Count VI of the complaint concerns the liability of the insurer under the policy. The judgment should be amended to restate that liability as $1,000, plus interest. In accordance with the concessions at trial, the judgment should also be corrected to reflect that the plaintiff takes nothing under counts I, II, III, and IV. As thus modified, the judgment is affirmed.

So ordered.

The understandings, assented to either expressly or implicitly by counsel for all parties, had the effect of removing the insurer as a defendant in the counts (other than the G. L. c. 93A count) predicated on the agents’ failure to arrange for a policy which would have covered the loss.

The insurer’s contention in its brief that coverage for the loss is excluded altogether by § 1(VI)(A)(2) of the policy (“unexplained or mysterious disappearance of property”) is inconsistent with the position it took at trial and, in any event, may not be raised for the first time on appeal. Royal Indent. Co. v. Blakely, 372 Mass. 86, 87-88 (1977).

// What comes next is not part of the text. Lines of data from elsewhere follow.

text \<open>A uniform pointwise bound for the ground states: \<open>\<kappa> IQ\<close> of a ground state is at most
  \<open>J\<^sub>\<Omega>\<close> of any element of \<open>\<N>\<^sub>\<Omega>\<close>, and \<open>\<mu> \<ge> \<mu>\<^sub>m\<^sub>i\<^sub>n\<close>.\<close>
definition C :: real where
  "C = JO (SOME q. q \<in> nehari JO HO) / \<kappa> / (SOME m. 0 < m \<and> (\<forall>x. m \<le> \<mu> x))"

lemma ground_state_pointwise_bound:
  assumes "0 < l"
  shows "(fst (uv l) x)\<^sup>2 + (snd (uv l) x)\<^sup>2
    + l * a x * (fst (uv l) x)\<^sup>2 + l * b x * (snd (uv l) x)\<^sup>2 \<le> C"
proof -
  define m where "m = (SOME m. 0 < m \<and> (\<forall>x. m \<le> \<mu> x))"
  define q where "q = (SOME q. q \<in> nehari JO HO)"
  have m: "0 < m" "m \<le> \<mu> x" unfolding m_def using someI_ex[OF \<mu>_lower_bound] by auto
  have q: "q \<in> nehari JO HO" unfolding q_def using nehari_JOmega_nonempty[OF zero_sets_meet] by (simp add: some_in_eq)
  have "m * qdens l (uv l) x \<le> \<mu> x * qdens l (uv l) x"
    using m qdens_nonneg assms by (intro mult_right_mono) auto
  also have "\<dots> \<le> IQ l (uv l)" using qdens_le_IQ uv_Hlam assms by simp
  also have "\<dots> \<le> JO q / \<kappa>" by (rule IQ_ground_state_le[OF assms q])
  finally have "qdens l (uv l) x \<le> C" using m \<kappa>_pos by (simp add: C_def m_def q_def field_simps)
  then show ?thesis
    using hdens_ge_squares[of "uv l" x] by (simp add: qdens_def algebra_simps)
qed

lemma ground_state_norm_bound:
  assumes "0 < l"
  shows "norm (fst (uv l) x, snd (uv l) x) \<le> sqrt C"
proof -
  have "0 \<le> l * a x * (fst (uv l) x)\<^sup>2" "0 \<le> l * b x * (snd (uv l) x)\<^sup>2"
    using assms a_nonneg b_nonneg by simp_all
  then have "(fst (uv l) x)\<^sup>2 + (snd (uv l) x)\<^sup>2 \<le> C"
    using ground_state_pointwise_bound[OF assms, of x] by linarith
  then show ?thesis by (simp add: norm_Pair real_sqrt_le_mono)
qed

lemma ground_state_weighted_bound:
  assumes "0 < l"
  shows "l * a x * (fst (uv l) x)\<^sup>2 \<le> C" and "l * b x * (snd (uv l) x)\<^sup>2 \<le> C"
proof -
  have "0 \<le> l * a x * (fst (uv l) x)\<^sup>2" "0 \<le> l * b x * (snd (uv l) x)\<^sup>2"
    using assms a_nonneg b_nonneg by simp_all
  then show "l * a x * (fst (uv l) x)\<^sup>2 \<le> C" and "l * b x * (snd (uv l) x)\<^sup>2 \<le> C"
    using ground_state_pointwise_bound[OF assms, of x] zero_le_power2[of "fst (uv l) x"]
      zero_le_power2[of "snd (uv l) x"] by linarith+
qed
lemma eigen_proj_eigenvector:
  assumes lin: "Vector_Spaces.linear scl scl \<sigma>" and ord: "\<sigma> ^^ m = id"
    and prim: "primitive_root (\<xi>::'a) m"
  shows "\<sigma> (eigen_proj scl \<sigma> \<xi> m t y) = \<xi> ^ t *s eigen_proj scl \<sigma> \<xi> m t y"
proof -
  interpret S: Vector_Spaces.linear scl scl \<sigma> by (rule lin)
  have m1: "\<xi> ^ m = 1" and mpos: "m \<ge> 1" using prim by (auto simp: primitive_root_def)
  have x0: "\<xi> \<noteq> 0" using m1 mpos by (auto simp: power_0_left)
  obtain m' where m': "m = Suc m'" using mpos by (cases m) auto
  define h where "h s = (\<xi> ^ t * (inverse \<xi>) ^ (s * t) / of_nat m) *s (\<sigma> ^^ s) y" for s
  define g where "g s = ((inverse \<xi>) ^ (s * t) / of_nat m) *s (\<sigma> ^^ Suc s) y" for s
  have shift: "g s = h (Suc s)" for s
    unfolding g_def h_def using x0
    by (simp add: power_add mult.assoc power_mult_distrib[symmetric] field_simps)
  have wrap: "h (Suc m') = h 0"
  proof -
    have "(\<sigma> ^^ m) y = y" using ord by simp
    moreover have "(inverse \<xi>) ^ (m * t) = 1" by (simp add: power_mult power_inverse m1)
    ultimately show ?thesis unfolding h_def m'[symmetric] by simp
  qed
  have "\<sigma> (eigen_proj scl \<sigma> \<xi> m t y) = (\<Sum>s<m. g s)"
    unfolding eigen_proj_def S.sum g_def by (simp add: S.scale)
  also have "\<dots> = (\<Sum>s<m'. h (Suc s)) + h 0" by (simp add: m' shift wrap)
  also have "\<dots> = (\<Sum>s<m. h s)" unfolding m' sum.lessThan_Suc_shift by (simp add: add.commute)
  also have "\<dots> = \<xi> ^ t *s eigen_proj scl \<sigma> \<xi> m t y"
    unfolding eigen_proj_def h_def V.scale_sum_right by (simp add: field_simps)
  finally show ?thesis .
qed
(* For every natural number $k\ge 2$, the class $\mathcal{H}_k$ is closed under taking minors: if $H\in\mathcal{H}_k$ and $G$ is a minor of $H$, then $G\in\mathcal{H}_k$.
   Context: All graphs are finite; parallel edges are allowed, loops are not. A length-function on a graph $G$ is a map $\ell:E(G)\to\mathbb{R}^+$ (strictly positive reals); $\ell(H)=\sum_{e\in E(H)}\ell(e)$ for subgraphs $H$, which carry the restricted length-function. $\mathrm{sd}_G(A)$ is the minimum of $\ell(S)$ over connected subgraphs $S\subseteq G$ with $A\subseteq V(S)$ ($\infty$ if none). $H\subseteq G$ is $k$-geodesic in $G$ if $\mathrm{sd}_H(A)=\mathrm{sd}_G(A)$ for all $A\subseteq V(H)$ with $|A|\le k$, and fully geodesic if it is $k$-geodesic for all $k$. For $k\ge2$, $\mathcal{H}_k$ is the class of all graphs $H$ such that for every graph $G\supseteq H$ and every length-function on $G$ for which $H$ is $k$-geodesic in $G$, $H$ is fully geodesic in $G$. *)

theory Defs
  imports Complex_Main "HOL-Library.Extended_Real"
begin

text \<open>Finite multigraphs (parallel edges allowed, no loops). A graph is given by a
vertex set, an edge set and a map assigning to each edge its set of two end-vertices.\<close>

record ('v, 'e) mgraph =
  verts :: "'v set"
  edges :: "'e set"
  ends  :: "'e \<Rightarrow> 'v set"

definition graph :: "('v, 'e) mgraph \<Rightarrow> bool" where
  "graph G \<longleftrightarrow> finite (verts G) \<and> finite (edges G) \<and>
     (\<forall>e\<in>edges G. ends G e \<subseteq> verts G \<and> card (ends G e) = 2)"

definition subgraph :: "('v, 'e) mgraph \<Rightarrow> ('v, 'e) mgraph \<Rightarrow> bool" where
  "subgraph S G \<longleftrightarrow> graph S \<and> verts S \<subseteq> verts G \<and> edges S \<subseteq> edges G \<and>
     (\<forall>e\<in>edges S. ends S e = ends G e)"

definition adj :: "('v, 'e) mgraph \<Rightarrow> 'v \<Rightarrow> 'v \<Rightarrow> bool" where
  "adj G u v \<longleftrightarrow> (\<exists>e\<in>edges G. ends G e = {u, v})"

definition connected_graph :: "('v, 'e) mgraph \<Rightarrow> bool" where
  "connected_graph G \<longleftrightarrow> (\<forall>u\<in>verts G. \<forall>v\<in>verts G. (adj G)\<^sup>*\<^sup>* u v)"
section \<open>Baxterisation\<close>

lemma baxterised_triple_product:
  fixes A B :: "'a :: comm_ring_1 mat"
  assumes A: "A \<in> carrier_mat n n" and B: "B \<in> carrier_mat n n"
    and AA: "A * A = A" and ABA: "A * B * A = k \<cdot>\<^sub>m A"
  shows "(1\<^sub>m n + x \<cdot>\<^sub>m A) * (1\<^sub>m n + y \<cdot>\<^sub>m B) * (1\<^sub>m n + z \<cdot>\<^sub>m A) =
    1\<^sub>m n + (x + z + x * z + k * x * y * z) \<cdot>\<^sub>m A + y \<cdot>\<^sub>m B + (x * y) \<cdot>\<^sub>m (A * B) + (y * z) \<cdot>\<^sub>m (B * A)"
proof -
  note distrib = add_mult_distrib_mat[where nr = n and n = n and nc = n]
    mult_add_distrib_mat[where nr = n and n = n and nc = n]
    mult_smult_assoc_mat[where nr = n and n = n and nc = n]
    mult_smult_distrib[where nr = n and n = n and nc = n]
  have AB: "A * B \<in> carrier_mat n n" and BA: "B * A \<in> carrier_mat n n" using A B by auto
  have ABA': "A * (B * A) = k \<cdot>\<^sub>m A" using A B ABA by simp
  have "(1\<^sub>m n + x \<cdot>\<^sub>m A) * (1\<^sub>m n + y \<cdot>\<^sub>m B) * (1\<^sub>m n + z \<cdot>\<^sub>m A) =
    1\<^sub>m n + x \<cdot>\<^sub>m A + y \<cdot>\<^sub>m (B + x \<cdot>\<^sub>m (A * B)) + z \<cdot>\<^sub>m (A + (x \<cdot>\<^sub>m A + y \<cdot>\<^sub>m (B * A + x \<cdot>\<^sub>m (k \<cdot>\<^sub>m A))))"
    using A B by (simp add: distrib AA ABA')
  also have "\<dots> = 1\<^sub>m n + (x + z + x * z + k * x * y * z) \<cdot>\<^sub>m A + y \<cdot>\<^sub>m B + (x * y) \<cdot>\<^sub>m (A * B) + (y * z) \<cdot>\<^sub>m (B * A)"
    by (rule eq_matI) (use A B AB BA in \<open>auto simp: algebra_simps\<close>)
  finally show ?thesis .
qed

lemma baxterised_yang_baxter:
  fixes A B :: "'a :: comm_ring_1 mat"
  assumes A: "A \<in> carrier_mat n n" and B: "B \<in> carrier_mat n n"
    and AA: "A * A = A" and BB: "B * B = B"
    and ABA: "A * B * A = k \<cdot>\<^sub>m A" and BAB: "B * A * B = k \<cdot>\<^sub>m B"
    and rel: "y * (1 - k * x * z) = x + z + x * z"
  shows "(1\<^sub>m n + x \<cdot>\<^sub>m A) * (1\<^sub>m n + y \<cdot>\<^sub>m B) * (1\<^sub>m n + z \<cdot>\<^sub>m A) =
    (1\<^sub>m n + z \<cdot>\<^sub>m B) * (1\<^sub>m n + y \<cdot>\<^sub>m A) * (1\<^sub>m n + x \<cdot>\<^sub>m B)"
proof -
  have "x + z + x * z + k * x * y * z = y" "z + x + z * x + k * z * y * x = y"
    using rel by (simp_all add: algebra_simps)
  then show ?thesis
    unfolding baxterised_triple_product[OF A B AA ABA] baxterised_triple_product[OF B A BB BAB]
    by (intro eq_matI) (use A B in \<open>auto simp: algebra_simps\<close>)
qed

lemma baxterised_inverse:
  fixes A :: "'a :: comm_ring_1 mat"
  assumes A: "A \<in> carrier_mat n n" and AA: "A * A = A" and rel: "x + y + x * y = 0"
  shows "(1\<^sub>m n + x \<cdot>\<^sub>m A) * (1\<^sub>m n + y \<cdot>\<^sub>m A) = 1\<^sub>m n"
proof -
  have "(1\<^sub>m n + x \<cdot>\<^sub>m A) * (1\<^sub>m n + y \<cdot>\<^sub>m A) = 1\<^sub>m n + x \<cdot>\<^sub>m A + y \<cdot>\<^sub>m (A + x \<cdot>\<^sub>m A)"
    using A by (simp add: add_mult_distrib_mat[where nr = n and n = n and nc = n]
        mult_add_distrib_mat[where nr = n and n = n and nc = n]
        mult_smult_assoc_mat[where nr = n and n = n and nc = n]
        mult_smult_distrib[where nr = n and n = n and nc = n] AA)
  also have "\<dots> = 1\<^sub>m n + (x + y + x * y) \<cdot>\<^sub>m A"
    by (rule eq_matI) (use A in \<open>auto simp: algebra_simps\<close>)
  finally show ?thesis
    using A rel by (auto intro!: eq_matI)
qed

section \<open>The loop value\<close>

lemma qnum_of_nat_sum:
  assumes q: "q > 0"
  shows "qnum q (real m) = (\<Sum>k<m. q powr (2 * real k + 1 - real m))"
proof (cases "q = 1")
  case True
  then show ?thesis by (simp add: qnum_def)
next
  case False
  define f where "f k = q powr (2 * real k - real m)" for k
  have step: "(q - q powr -1) * q powr (2 * real k + 1 - real m) = f (Suc k) - f k" for k
  proof -
    have "(q - q powr -1) * q powr (2 * real k + 1 - real m) =
        q powr 1 * q powr (2 * real k + 1 - real m) - q powr -1 * q powr (2 * real k + 1 - real m)"
      using q by (simp add: left_diff_distrib)
    also have "\<dots> = f (Suc k) - f k"
      unfolding f_def powr_add[symmetric] by (simp add: algebra_simps)
    finally show ?thesis .
  qed
  have "q - q powr -1 = (q - 1) * (q + 1) / q"
    using q by (simp add: powr_minus field_simps)
  then have "q - q powr -1 \<noteq> 0"
    using q False by simp
  moreover have "(q - q powr -1) * (\<Sum>k<m. q powr (2 * real k + 1 - real m)) = q powr real m - q powr (- real m)"
    unfolding sum_distrib_left step sum_lessThan_telescope by (simp add: f_def)
  ultimately show ?thesis
    using False by (simp add: qnum_def field_simps)
qed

There were other grounds cited for dismissal of the appeals, which need not be gone into here. Dismissal was proper at least on the ground that the so-called judgment was not such in law, because it did not dispose of all claims. See Mass.R.Civ.P. 54(a), 365 Mass. 820 (1974); Acme Engr. & Mfg. Corp. v. Airadyne Co., 9 Mass. App. Ct. 762, 764 (1980); Bragdon v. Bradford O. Emerson, Inc., 19 Mass. App. Ct. 420, 421-422 (1985). No determination had been made for the entry of judgment on fewer than all the claims. See Mass.R.Civ.P. 54(b); J.B.L. Constr. Co. v. Lincoln Homes Corp., 9 Mass. App. Ct. 250, 252 (1980).

The plaintiff would also face other obstacles, because there were independent reasons for directing verdicts for one agent on all counts and for the other two agents on some counts.